You can improve the situation with some really easy steps: tag your images (even if built manually), use a tagged revision of your provisioning code (for reproducibility and regression checks mostly) and apply metadata to keep track of the building environment (Packer’s version and so on).
With that done, finding an image within Terraform becomes much easier:
Packer allows us to pass variables at run-time, which is perfect to provide a dynamic version’s value based on either a tag or a commit hash.
Like so: packer build -var ‘version=v1.0’.
It is also a good practice to frequently rebuild your images (at least the one in production) in order to get the latest security patches and package updates.
Though, if you do so, do not use the force_deregister option as you will be effectively be deleting the old image. Which is likely to cause issues if you have some auto-scaling or other automated processes based on it.
Continuous Integration
Building a continuous integration pipeline around Packer is not that difficult once you have the configuration figured out.
In my opinion, the hardest part is actually coming up with a workflow suitable for your needs.
Mono-repositories are something I dread upon when thinking continuous integration, it make a simple workflow a lot more complex to manage.
And also makes the lifecycle management a real pain.
Having one repository per image is simpler to leverage and simplify quite a lot the workflow. To enforce guidelines across all your images, use Github Actions templates or Gitlab CI templates to centralize them. And if you have common scripts, a git module is good solution to avoid code duplication.

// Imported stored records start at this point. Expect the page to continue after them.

lemma Max_edge_diffs_eq_1:
  assumes "lipschitz1 E f" and "E u v" and "\<bar>f u - f v\<bar> = 1"
  shows "Max (edge_diffs f) = 1"
proof (rule Max_eqI[OF finite_edge_image[of "\<lambda>a b. \<bar>f a - f b\<bar>"]])
  show "d \<le> 1" if "d \<in> edge_diffs f" for d
    using that assms(1) unfolding lipschitz1_def by blast
  show "1 \<in> edge_diffs f" using assms(2,3) edge_in_V[OF assms(2)] by (metis (mono_tags, lifting) mem_Collect_eq)
qed

lemma ollivier_le_laplacian_diff:
  assumes uv: "E u v" and lip: "lipschitz1 E f" and f_uv: "f v - f u = 1"
  shows "ollivier V E u v \<le> laplacian V E f u - laplacian V E f v"
  unfolding ollivier_def
proof (rule cInf_lower)
  have "Max (edge_diffs f) = 1" using Max_edge_diffs_eq_1[OF lip uv] f_uv by simp
  with f_uv show "laplacian V E f u - laplacian V E f v \<in> {laplacian V E g u - laplacian V E g v | g.
      g v - g u = 1 \<and> Max (edge_diffs g) = 1}" by blast
  show "bdd_below {laplacian V E g u - laplacian V E g v | g. g v - g u = 1 \<and> Max (edge_diffs g) = 1}"
  proof (rule bdd_belowI)
    fix s assume "s \<in> {laplacian V E g u - laplacian V E g v | g. g v - g u = 1 \<and> Max (edge_diffs g) = 1}"
    then obtain g where s: "s = laplacian V E g u - laplacian V E g v" and "Max (edge_diffs g) = 1"
      by blast
    from this(2) have "lipschitz1 E g" by (rule lipschitz1_if_Max_edge_diffs)
    with s show "- real (Deg V E u + Deg V E v) \<le> s"
      using abs_laplacian_le_Deg[of g u] abs_laplacian_le_Deg[of g v] by simp
  qed
qed
(* Let $b \ge 1$ be an integer and let $L_{1,b} = \{C_{1,1}, C_{2,1}\} \cup \{C_{1,j} : 1 < j \le b+1\}$, of size $n = b+2$. Then on the $n \times n$ board, $2 \le \mathrm{cp}_{\mathrm{free}}(L_{1,b}) \le 4$.
   Context: For integers $i,j$, $C_{i,j}$ denotes the unit square cell in column $i$ and row $j$ of the integer grid (columns numbered left to right, rows numbered top to bottom). A polyomino is a finite set of cells; its size is its number of cells. For a polyomino $\mathcal{P}$ of size $n$ the board is $\mathbb{B} = \{C_{i,j} : 1 \le i,j \le n\}$. The shift of $\mathcal{P}$ by integers $(c,d)$ is $\mathcal{P}+(c,d) = \{C_{x+c,y+d} : C_{x,y} \in \mathcal{P}\}$. For $0<a\le b$ and $L_{a,b} = \{C_{i,1} : 1 \le i \le a+1\} \cup \{C_{1,j} : 1 < j \le b+1\}$, the rotations by $90^\circ, 180^\circ, 270^\circ$ clockwise are $LR_{a,b} = \{C_{i,1} : 1 \le i \le b+1\} \cup \{C_{b+1,j} : 1 \le j \le a+1\}$, $LR^2_{a,b} = \{C_{i,b+1} : 1 \le i \le a+1\} \cup \{C_{a+1,j} : 1 \le j \le b+1\}$, $LR^3_{a,b} = \{C_{i,a+1} : 1 \le i \le b+1\} \cup \{C_{1,j} : 1 \le j \le a+1\}$ (reflections are not allowed). A free copy of $L_{a,b}$ is any shift of one of these four. A set of polyominoes is a valid arrangement if each is contained in $\mathbb{B}$ and they are pairwise disjoint. A free packing of $\mathcal{P}$ is a set of free copies of $\mathcal{P}$ forming a valid arrangement such that adding any further free copy of $\mathcal{P}$ yields an invalid arrangement. The clumsy free packing number $\mathrm{cp}_{\mathrm{free}}(\mathcal{P})$ is the minimum number of polyominoes in a free packing of $\mathcal{P}$ on the $n \times n$ board. *)

theory Defs
  imports Main
begin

Do I need to test my provisioning before each build ? Should I make the new image available to all my environments the second if finishes being created ? How do I even test if the image has been correctly provisioned ? These are the questions we are all bound to ask ourselves, and for good reasons.

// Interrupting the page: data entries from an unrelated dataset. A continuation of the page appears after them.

(* Let $K\ge1$, $\alpha\in(0,1)$, $\beta\in(0,1)$. Let $S\subseteq\{1,\dots,K\}$ be a random subset in which each node is included independently with probability $\alpha$. For distinct $j,k\in\{1,\dots,K\}$, let $h_{jk}$ be i.i.d. $\mathcal{CN}(0,1)$, independent of $S$. For $k\notin S$, define $G_k=\frac1{\alpha K}\sum_{j\in S}|h_{jk}|^2$. Define the multicasting outage event $$\mathcal{E}^{\mathrm{mc}}_{\alpha,\beta,K}=\{\exists\,k\in\{1,\dots,K\}\setminus S:\ G_k\le1-\beta\}.$$ Then $$\Pr\{\mathcal{E}^{\mathrm{mc}}_{\alpha,\beta,K}\}\le K\,\Pr\{\mathcal{E}^{\mathrm{uc}}_{\alpha,\beta,K}\},$$ where $\mathcal{E}^{\mathrm{uc}}_{\alpha,\beta,K}=\{K_1<K,\ \frac1{\alpha K}\sum_{j=1}^{K_1}g_j\le1-\beta\}$ with $K_1\sim\mathrm{Binomial}(K,\alpha)$ independent of i.i.d. mean-1 exponential random variables $g_1,g_2,\dots$. Consequently, for every $\epsilon\in(0,\beta)$, $$\Pr\{\mathcal{E}^{\mathrm{mc}}_{\alpha,\beta,K}\}\le K\left[\exp(-\alpha K\epsilon^2/4)+\exp\{\alpha K\gamma(\beta,\epsilon)\}\right],$$ where $\gamma(\beta,\epsilon)=\beta-\epsilon+(1-\epsilon)\ln\frac{1-\beta}{1-\epsilon}$.
   Context: This event is the multicasting outage event of the paper's two-phase protocol. In phase 1, the source broadcasts at a rate that each node $k$ decodes independently with probability $\alpha$; $S$ is the set of successful nodes. In phase 2, the nodes in $S$ each transmit with power $P/(\alpha K)$ at rate $\log_2(1+(1-\beta)P/N_0)$. A node $k\notin S$ fails exactly when its effective gain $G_k$ is at most $1-\beta$. Multicasting requires every node to decode, so an outage occurs if any node not in $S$ fails. *)

theory Defs
  imports "HOL-Probability.Probability"
begin

definition CN01_distributed :: "'a measure \<Rightarrow> ('a \<Rightarrow> complex) \<Rightarrow> bool" where
  "CN01_distributed M X \<longleftrightarrow>
     distributed M lborel X (\<lambda>z. ennreal (exp (- (cmod z)\<^sup>2) / pi))"

definition gamma_fn :: "real \<Rightarrow> real \<Rightarrow> real" where
  "gamma_fn \<beta> \<epsilon> = \<beta> - \<epsilon> + (1 - \<epsilon>) * ln ((1 - \<beta>) / (1 - \<epsilon>))"

end

(*
  A node k outside S fails only if, with A = S, the sum of |h_jk|^2 over j in A is at most
  c = (1 - beta) alpha K.  For a fixed pair (k, A) the events S = A and this one are
  independent; the first has probability alpha^|A| (1 - alpha)^(K - |A|), and since every
  |h_jk|^2 is Exp(1) the second is the Erlang CDF F_|A|(c).  A union bound over k and over
  A in Pow ({1..K} - {k}), together with C(K - 1, m) <= C(K, m), bounds the outage probability
  by K times sum_{m < K} Bin(K, alpha)(m) F_m(c), which is exactly K P(E^uc).

  For the explicit bound the sum is split at m = (1 - eps) alpha K.  The small m form a binomial
  lower tail, controlled by the multiplicative Chernoff bound exp (- alpha K eps^2 / 2); for the
  large m the Chernoff bound F_m(c) <= exp (t c) / (1 + t)^m with 1 + t = a / c gives
  exp (alpha K gamma (beta, eps)).
*)
theory Submission
  imports Defs
begin

section \<open>The squared modulus of a standard complex Gaussian\<close>

lemma norm_sq_le_eq_cball:
  fixes s :: real
  assumes "0 \<le> s"
  shows "{z::'a::real_normed_vector. (norm z)\<^sup>2 \<le> s} = cball 0 (sqrt s)"
proof safe
  fix x :: 'a assume "x \<in> cball 0 (sqrt s)"
  then have "norm x \<le> sqrt s" by simp
  then have "(norm x)\<^sup>2 \<le> (sqrt s)\<^sup>2" by (intro power_mono) auto
  with assms show "(norm x)\<^sup>2 \<le> s" by simp
qed (auto simp: real_le_rsqrt)

lemma emeasure_lborel_cmod_sq_le:
  "0 \<le> s \<Longrightarrow> emeasure lborel {z::complex. (cmod z)\<^sup>2 \<le> s} = ennreal (pi * s)"
  by (simp add: norm_sq_le_eq_cball emeasure_cball unit_ball_vol_2)

lemma nn_integral_exp_minus_Icc:
  fixes r a :: real
  assumes "r \<le> a"
  shows "(\<integral>\<^sup>+s. ennreal (exp (- s)) * indicator {r..a} s \<partial>lborel) = ennreal (exp (- r) - exp (- a))"
proof -
  have "(\<integral>\<^sup>+s. ennreal (exp (- s)) * indicator {r..a} s \<partial>lborel) = ennreal (- exp (- a) - (- exp (- r)))"
    by (rule nn_integral_FTC_Icc) (use assms in \<open>auto intro!: derivative_eq_intros\<close>)
  then show ?thesis by simp
qed

lemma borel_measurable_exp_minus_indicator_Icc_norm_sq:
  "(\<lambda>(z::complex, s). ennreal (exp (- s)) * indicator {(cmod z)\<^sup>2..a} s) \<in> borel_measurable (lborel \<Otimes>\<^sub>M lborel)"
  unfolding indicator_def atLeastAtMost_iff by measurable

Pushing freshly baked image straight into production can be a disaster if something went haywire in the upstream process. To wit, having a final testing phase can be useful. Depending on the nature of the image, you could write simple tests to check for open ports, HTTP endpoints and so on, and if the image is tightly coupled with an application, running the application end-to-end tests would be even better.

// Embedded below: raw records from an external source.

(* In the setting described in the context, let $i\in\mathcal V$ and let $z_{-i}=(z_j)_{j\ne i}\in[0,1]^{n-1}$ be such that $\mathcal S(z_{-i})=\{j\ne i: z_j=1\}\ne\emptyset$. Then: (i) the map $z_i\mapsto\upsilon_i(z_i,z_{-i})$ is constant on $[0,1)$; (ii) $\mathcal B_i(z_{-i})\in\{[0,1),\,[0,1],\,\{1\}\}$; (iii) if $\sigma_i^2\ge\sigma_j^2$ for every $j\in\mathcal S(z_{-i})$, then $\mathcal B_i(z_{-i})\in\{[0,1),[0,1]\}$; (iv) if $\sigma_i^2>\sigma_j^2$ for every $j\in\mathcal S(z_{-i})$, then $\mathcal B_i(z_{-i})=[0,1)$.
   Context: Let $n\ge2$ and $\mathcal V=\{1,\dots,n\}$. Let $P\in\mathbb{R}^{n\times n}$ be a row-stochastic, irreducible, aperiodic matrix (the graph on $\mathcal V$ with edge $(i,j)$ iff $P_{ij}>0$ is strongly connected with gcd of cycle lengths $1$). For $z\in[0,1]^n$, $W(z)=(I-[z])P+[z]$ ($[z]$ the diagonal matrix with diagonal $z$) and $H(z)=\lim_{t\to\infty}W(z)^t$ (the limit exists and is row-stochastic). Let $\sigma_1^2,\dots,\sigma_n^2>0$. Agent $i$'s cost is $\upsilon_i(z)=\sum_jH_{ij}(z)^2\sigma_j^2$, written $\upsilon_i(z_i,z_{-i})$, and her best response set is $\mathcal B_i(z_{-i})=\arg\min_{z_i\in[0,1]}\upsilon_i(z_i,z_{-i})$. *)

theory Defs
  imports "HOL-Analysis.Analysis"
begin

text \<open>Vertices are 0,...,n-1 (the paper's 1,...,n shifted by one).
  n x n real matrices are represented as functions nat => nat => real,
  only entries with indices below n are meaningful.\<close>

definition mat_mult :: "nat \<Rightarrow> (nat \<Rightarrow> nat \<Rightarrow> real) \<Rightarrow> (nat \<Rightarrow> nat \<Rightarrow> real) \<Rightarrow> (nat \<Rightarrow> nat \<Rightarrow> real)" where
  "mat_mult n A B = (\<lambda>i j. \<Sum>k<n. A i k * B k j)"

definition id_mat :: "nat \<Rightarrow> nat \<Rightarrow> real" where
  "id_mat = (\<lambda>i j. if i = j then 1 else 0)"

primrec mat_pow :: "nat \<Rightarrow> (nat \<Rightarrow> nat \<Rightarrow> real) \<Rightarrow> nat \<Rightarrow> (nat \<Rightarrow> nat \<Rightarrow> real)" where
  "mat_pow n A 0 = id_mat"
| "mat_pow n A (Suc t) = mat_mult n (mat_pow n A t) A"

definition row_stochastic :: "nat \<Rightarrow> (nat \<Rightarrow> nat \<Rightarrow> real) \<Rightarrow> bool" where
  "row_stochastic n P \<longleftrightarrow> (\<forall>i<n. \<forall>j<n. 0 \<le> P i j) \<and> (\<forall>i<n. (\<Sum>j<n. P i j) = 1)"

definition edges :: "nat \<Rightarrow> (nat \<Rightarrow> nat \<Rightarrow> real) \<Rightarrow> (nat \<times> nat) set" where
  "edges n P = {(i, j). i < n \<and> j < n \<and> 0 < P i j}"

definition strongly_connected :: "nat \<Rightarrow> (nat \<Rightarrow> nat \<Rightarrow> real) \<Rightarrow> bool" where
  "strongly_connected n P \<longleftrightarrow> (\<forall>i<n. \<forall>j<n. (i, j) \<in> (edges n P)\<^sup>*)"

definition is_cycle :: "nat \<Rightarrow> (nat \<Rightarrow> nat \<Rightarrow> real) \<Rightarrow> nat list \<Rightarrow> bool" where
  "is_cycle n P vs \<longleftrightarrow> vs \<noteq> [] \<and> distinct vs \<and> set vs \<subseteq> {..<n} \<and>
     (\<forall>m<length vs. (vs ! m, vs ! ((m + 1) mod length vs)) \<in> edges n P)"

definition cycle_lengths :: "nat \<Rightarrow> (nat \<Rightarrow> nat \<Rightarrow> real) \<Rightarrow> nat set" where
  "cycle_lengths n P = {length vs | vs. is_cycle n P vs}"

definition irreducible_mat :: "nat \<Rightarrow> (nat \<Rightarrow> nat \<Rightarrow> real) \<Rightarrow> bool" where
  "irreducible_mat n P \<longleftrightarrow> strongly_connected n P"

definition aperiodic_mat :: "nat \<Rightarrow> (nat \<Rightarrow> nat \<Rightarrow> real) \<Rightarrow> bool" where
  "aperiodic_mat n P \<longleftrightarrow> Gcd (cycle_lengths n P) = 1"

definition W :: "(nat \<Rightarrow> nat \<Rightarrow> real) \<Rightarrow> (nat \<Rightarrow> real) \<Rightarrow> (nat \<Rightarrow> nat \<Rightarrow> real)" where
  "W P z = (\<lambda>i j. (1 - z i) * P i j + (if i = j then z i else 0))"

definition H :: "nat \<Rightarrow> (nat \<Rightarrow> nat \<Rightarrow> real) \<Rightarrow> (nat \<Rightarrow> real) \<Rightarrow> (nat \<Rightarrow> nat \<Rightarrow> real)" where
  "H n P z = (\<lambda>i j. lim (\<lambda>t. mat_pow n (W P z) t i j))"

definition upsilon :: "nat \<Rightarrow> (nat \<Rightarrow> nat \<Rightarrow> real) \<Rightarrow> (nat \<Rightarrow> real) \<Rightarrow> nat \<Rightarrow> (nat \<Rightarrow> real) \<Rightarrow> real" where
  "upsilon n P sigma2 i z = (\<Sum>j<n. (H n P z i j)\<^sup>2 * sigma2 j)"

text \<open>Best response of agent i to z_{-i}: the profile z with its i-th entry replaced
  (the value z i itself is irrelevant).\<close>
definition best_response :: "nat \<Rightarrow> (nat \<Rightarrow> nat \<Rightarrow> real) \<Rightarrow> (nat \<Rightarrow> real) \<Rightarrow> nat \<Rightarrow> (nat \<Rightarrow> real) \<Rightarrow> real set" where
  "best_response n P sigma2 i z =
     {x \<in> {0..1}. \<forall>y\<in>{0..1}. upsilon n P sigma2 i (z(i := x)) \<le> upsilon n P sigma2 i (z(i := y))}"

definition stubborn_set :: "nat \<Rightarrow> nat \<Rightarrow> (nat \<Rightarrow> real) \<Rightarrow> nat set" where
  "stubborn_set n i z = {j. j < n \<and> j \<noteq> i \<and> z j = 1}"

end

theory Submission
  imports Defs
begin

(* Agents with z_j = 1 are absorbing states of the random walk with transition matrix W(z). Strong
   connectivity lets every agent reach one of them, so the mass that W(z)^t puts on the remaining agents
   decays geometrically: W(z)^t converges, and the limit H(z) vanishes on the
   columns of non-stubborn agents and is the identity on the rows of stubborn ones. Together with
   harmonicity H = W(z) H these properties determine H(z), and at a row k with z_k < 1 harmonicity reads
   H_k = (P H)_k, whatever the value of z_k. Hence H(z), and with it the cost of agent i, depends on z only
   through the set of fully stubborn agents: it is a constant c for every z_i < 1, and sigma_i^2 for
   z_i = 1. Row i of H(z) for z_i = 0 is a probability vector h supported on S(z_{-i}), so
   c = sum_j h_j^2 sigma_j^2 <= sum_j h_j sigma_j^2, which gives (iii) and (iv). *)

lemma decseq_contraction_tendsto_zero:
  fixes f :: "nat \<Rightarrow> real"
  assumes dec: "decseq f" and nonneg: "\<And>t. 0 \<le> f t"
    and contract: "\<And>t. f (t + N) \<le> c * f t" and "0 \<le> c" "c < 1"
  shows "f \<longlonglongrightarrow> 0"
proof -
  have lim: "f \<longlonglongrightarrow> (INF t. f t)"
    using nonneg by (intro LIMSEQ_decseq_INF dec bdd_belowI[of _ 0]) auto
  have geometric: "f (q * N) \<le> c ^ q * f 0" for q
  proof (induction q)
    case (Suc q)
    have "f (Suc q * N) \<le> c * f (q * N)"
      using contract[of "q * N"] by (simp add: add.commute)
    also have "\<dots> \<le> c * (c ^ q * f 0)"
      using Suc \<open>0 \<le> c\<close> by (rule mult_left_mono)
    finally show ?case by simp
  qed simp
  have "(\<lambda>q. c ^ q * f 0) \<longlonglongrightarrow> 0"
    using assms by (intro tendsto_mult_left_zero LIMSEQ_power_zero) simp
  moreover have "(INF t. f t) \<le> c ^ q * f 0" for q
    using decseq_ge[OF dec lim, of "q * N"] geometric[of q] by linarith
  ultimately have "(INF t. f t) \<le> 0"
    by (intro LIMSEQ_le_const[of _ 0]) auto
  moreover have "0 \<le> (INF t. f t)"
    using nonneg by (intro cINF_greatest) auto
  ultimately have "(INF t. f t) = 0"
    by linarith
  with lim show ?thesis
    by simp
qed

Then tag and share the image when everything is ok.
All in all, what have been said here for Packer does also apply for every immutable image builder there is.
Take aways
In the end, the main point is to treat your infrastructure-as-code as you would with any other piece of software. This will come as no surprise to people with a solid development background, but not necessarily for others coming from the sysadmin world.
Having a proper lifecycle management and continuous integration will greatly help you keep things clean and tidy. And sticking to best-practices (when available) will ensure that your bricks remains maintainable on the long-term.
With these in play, a lot of opportunities will present themselves to you.
Such as using Terratest to control regressions, or write end-to-end tests by deploying a whole new bare bone infrastructure to ensure that everything still clicks together.
And lastly, the easier to manage your Infrastructure-as-Code will become, the less dependent on you the development teams will be.
This will allow you to move your focus elsewhere and for the developers to gain autonomy.
And that’s about it for today.
Writing this post has been a great exercise to help pin-point our current shortcomings, and set new goals, regarding our Infrastructure-as-Code.
And I do hope it will help you as well.
Our next steps are already established: complete overhaul of all our core Terraform stacks, and better continuous integration for earlier regression and side-effect checks.
Which will probably lead to a part 2 when we will be done with these.
Until then, take care and happy coding.